Hi all, my husband is one week into chemo/radiation for hpv tonsil with lymph node’s. Over the weekend he has been suffering with constipation which has made him grumpy (hardly surprising). He is having his review tomorrow so I will ask then. He has had 2 fybogel today with little effect. He is drinking plenty of water but because he can’t go to the toilet he doesn’t want to eat. Any of you lovely people got any ideas x
Thanks Sue x
Hi.
Any of you lovely people got any ideas
Ask for Movicol or Laxido. These are the standard laxatives we get from our teams
Thus is particularly important, I’d say imperative when he is on opiates later.
I managed on two a day.
Dani
Base of tongue cancer. T2N0M0 6 weeks Radiotherapy finished January 2019
Hi ask for laxido or movicol to be added to his prescription. On the back it tells you his many he can take in one go once he starts on opiates he will need to take 1 or 2 daily once I started on co coronal one per day sorted me. Yih can put in vis feeding tube if oh if he struggles eating drinking later into treatment.
Hazel x
Hazel aka RadioactiveRaz
My blog is www.radioactiveraz.wordpress.com HPV 16+ tonsil cancer Now 6 years post treatment. 35 radiotherapy 2 chemo T2N2NM.Happily getting on with living always happy to help
2 videos I’ve been involved with raising awareness of HNC and HPV cancers
Dulcolax will also help 'move' things along..
Loz (62)
Oropharyngeal right tongue base T2N2bM0 squamous cell carcinoma p16 positive..

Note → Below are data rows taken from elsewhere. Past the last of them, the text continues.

(* Let $d\ge2$, let $\mathcal H\subset\mathbb S_1^{d-1}$ be an open hemisphere, and suppose $\mathcal D\subset\mathbb S_1^{d-1}$ has non-empty interior and closure contained in $\mathcal H$. Then there is a constant $c_{\mathcal D}>0$ such that for any $\epsilon>0$ there exist an open set $\mathcal U_\epsilon\subset\Gamma\backslash G$ and an integer $N_\epsilon$ such that $\mathcal G_{\mathcal D,N}(M)\ge c_{\mathcal D}\,\epsilon^{-1}$ for all $\Gamma M\in\mathcal U_\epsilon$ and all $N\ge N_\epsilon$.
   Context: $G=\mathrm{SL}(d+1,\mathbb R)$, $\Gamma=\mathrm{SL}(d+1,\mathbb Z)$. Row vectors in $\mathbb R^{d+1}$ are written $(u,\vec v)$; $\mathbb Z^{d+1}M=\{\vec mM:\vec m\in\mathbb Z^{d+1}\}$. $F_{\mathcal D}(M,t)=\min\{|\vec v|:(u,\vec v)\in\mathbb Z^{d+1}M,\ -t<u<1-t,\ \vec v\in\mathbb R_{>0}\mathcal D\}$ for $t\in(0,1)$. For $N\in\mathbb N$ put $N_+=N+\tfrac12$ and $\mathcal G_{\mathcal D,N}(M)=|\{F_{\mathcal D}(M,\tfrac{n}{N_+}):1\le n\le N\}|$. *)

theory Defs
  imports "HOL-Analysis.Analysis"
begin

text \<open>R^d is modelled by real^'d (CARD('d) = d); R^(d+1) by
 real^('d option), the coordinate None being the first coordinate u and
 Some i the coordinates of the vector v. Row vectors act on matrices from
 the left (x v* M).\<close>

definition SLR :: "(real^'n^'n) set" where
  "SLR = {M. det M = 1}"

definition SLZ :: "(real^'n^'n) set" where
  "SLZ = {M. det M = 1 \<and> (\<forall>i j. M $ i $ j \<in> \<int>)}"

definition lattice_of :: "real^'n^'n \<Rightarrow> (real^'n) set" where
  "lattice_of M = {m v* M | m. \<forall>i. m $ i \<in> \<int>}"

definition u_part :: "real^('d::finite option) \<Rightarrow> real" where
  "u_part w = w $ None"

definition v_part :: "real^('d::finite option) \<Rightarrow> real^'d" where
  "v_part w = (\<chi> i. w $ Some i)"

definition open_hemisphere :: "real^'d \<Rightarrow> (real^'d) set" where
  "open_hemisphere a = {x \<in> sphere 0 1. a \<bullet> x > 0}"

definition F_D :: "(real^'d::finite) set \<Rightarrow> real^('d::finite option)^('d option) \<Rightarrow> real \<Rightarrow> real" where
  "F_D D M t = Inf {norm (v_part w) | w. w \<in> lattice_of M \<and> - t < u_part w \<and> u_part w < 1 - t
                    \<and> (\<exists>r>0. \<exists>x\<in>D. v_part w = r *\<^sub>R x)}"

definition G_DN :: "(real^'d::finite) set \<Rightarrow> nat \<Rightarrow> real^('d::finite option)^('d option) \<Rightarrow> nat" where
  "G_DN D N M = card {F_D D M (real n / (real N + 1/2)) | n. 1 \<le> n \<and> n \<le> N}"

end

theory Submission
  imports Defs
begin

text \<open>
  Pick \<open>x0\<close> in the interior of \<open>D\<close> and a unit vector \<open>w\<close> orthogonal to \<open>a\<close> with
  \<open>w \<bullet> x0 \<ge> 0\<close>, and put \<open>P = (1/2, x0)\<close>, \<open>E = (-1, \<rho> w)\<close>. The matrix \<open>M0\<close> has the rows
  \<open>P\<close>, \<open>\<zeta> E\<close> and an orthonormal basis of the complement of \<open>P, E\<close> stretched by \<open>\<Lambda> \<ge> 3\<close>,
  with \<open>\<zeta>\<close> and \<open>\<Lambda>\<close> balanced so that \<open>det M0 = 1\<close>. Its lattice vectors of length at most 2
  lie in the plane of \<open>P\<close> and \<open>E\<close>, and the only ones with \<open>\<bar>u\<bar> < 1\<close> and \<open>v\<close> in the cone
  over \<open>D\<close> are the candidates \<open>P + j \<zeta> E = (1/2 - j \<zeta>, x0 + j \<zeta> \<rho> w)\<close>. For \<open>t\<close> in a
  window of length \<open>\<zeta>/4\<close> at \<open>1/2 + (j - 1/2) \<zeta>\<close> the admissible vector with shortest
  \<open>v\<close> is the \<open>j\<close>-th candidate, and \<open>norm (x0 + s w)\<close> grows strictly with \<open>s\<close> because
  \<open>w \<bullet> x0 \<ge> 0\<close>. Once \<open>N \<ge> 4/\<zeta>\<close> every window contains a sample \<open>n/(N + 1/2)\<close>, so
  \<open>F_D\<close> takes at least \<open>\<lfloor>1/(4\<zeta>)\<rfloor>\<close> values. All of this survives moving the rows of
  \<open>M0\<close> by less than some \<open>\<eta> > 0\<close>; as \<open>F_D\<close> only depends on the lattice, the
  \<open>SL(d+1, \<int>)\<close>-saturation of that neighbourhood is the open set \<open>U\<close>. Taking
  \<open>\<zeta> \<le> \<epsilon>/8\<close> gives the bound with \<open>c = 1\<close>.
\<close>

definition uv_vec :: "real \<Rightarrow> real^'d::finite \<Rightarrow> real^('d option)" where
  "uv_vec u v = (\<chi> k. case k of None \<Rightarrow> u | Some i \<Rightarrow> v $ i)"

Hi Sue, as others have said, Laxido, Molaxole, or under various other brand names, but the active ingredient is Macrogol, and you can buy it over the counter, If it is likely to be an ongoing problem because of the treatment, you can get it on prescription. Unlike some laxative products, it really works, while not leaving you feeling that you dare not venture far from a toilet. I used Lactulose once, and to be honest that made me feel like that - frightened to fart in case it turned out to be more than that! (Apologies, but that really is how it felt.) Please give him my best wishes, and wish him all the best of luck. Radiotherapy can also affect your appetite, because a loss of taste affects how you feel about food. I had to decide to treat it as medicine - I knew I needed it to keep going, so I counted calories and protein to make sure I was getting enough. Before going to bed I would tally up, and sometimes my heart would sink when I realised I had to eat something else. Is he getting Fortisips or Ensure, or something on prescription, because they can really help. Even a hot chocolate with full cream milk and some cream on to can go down easily and make a difference.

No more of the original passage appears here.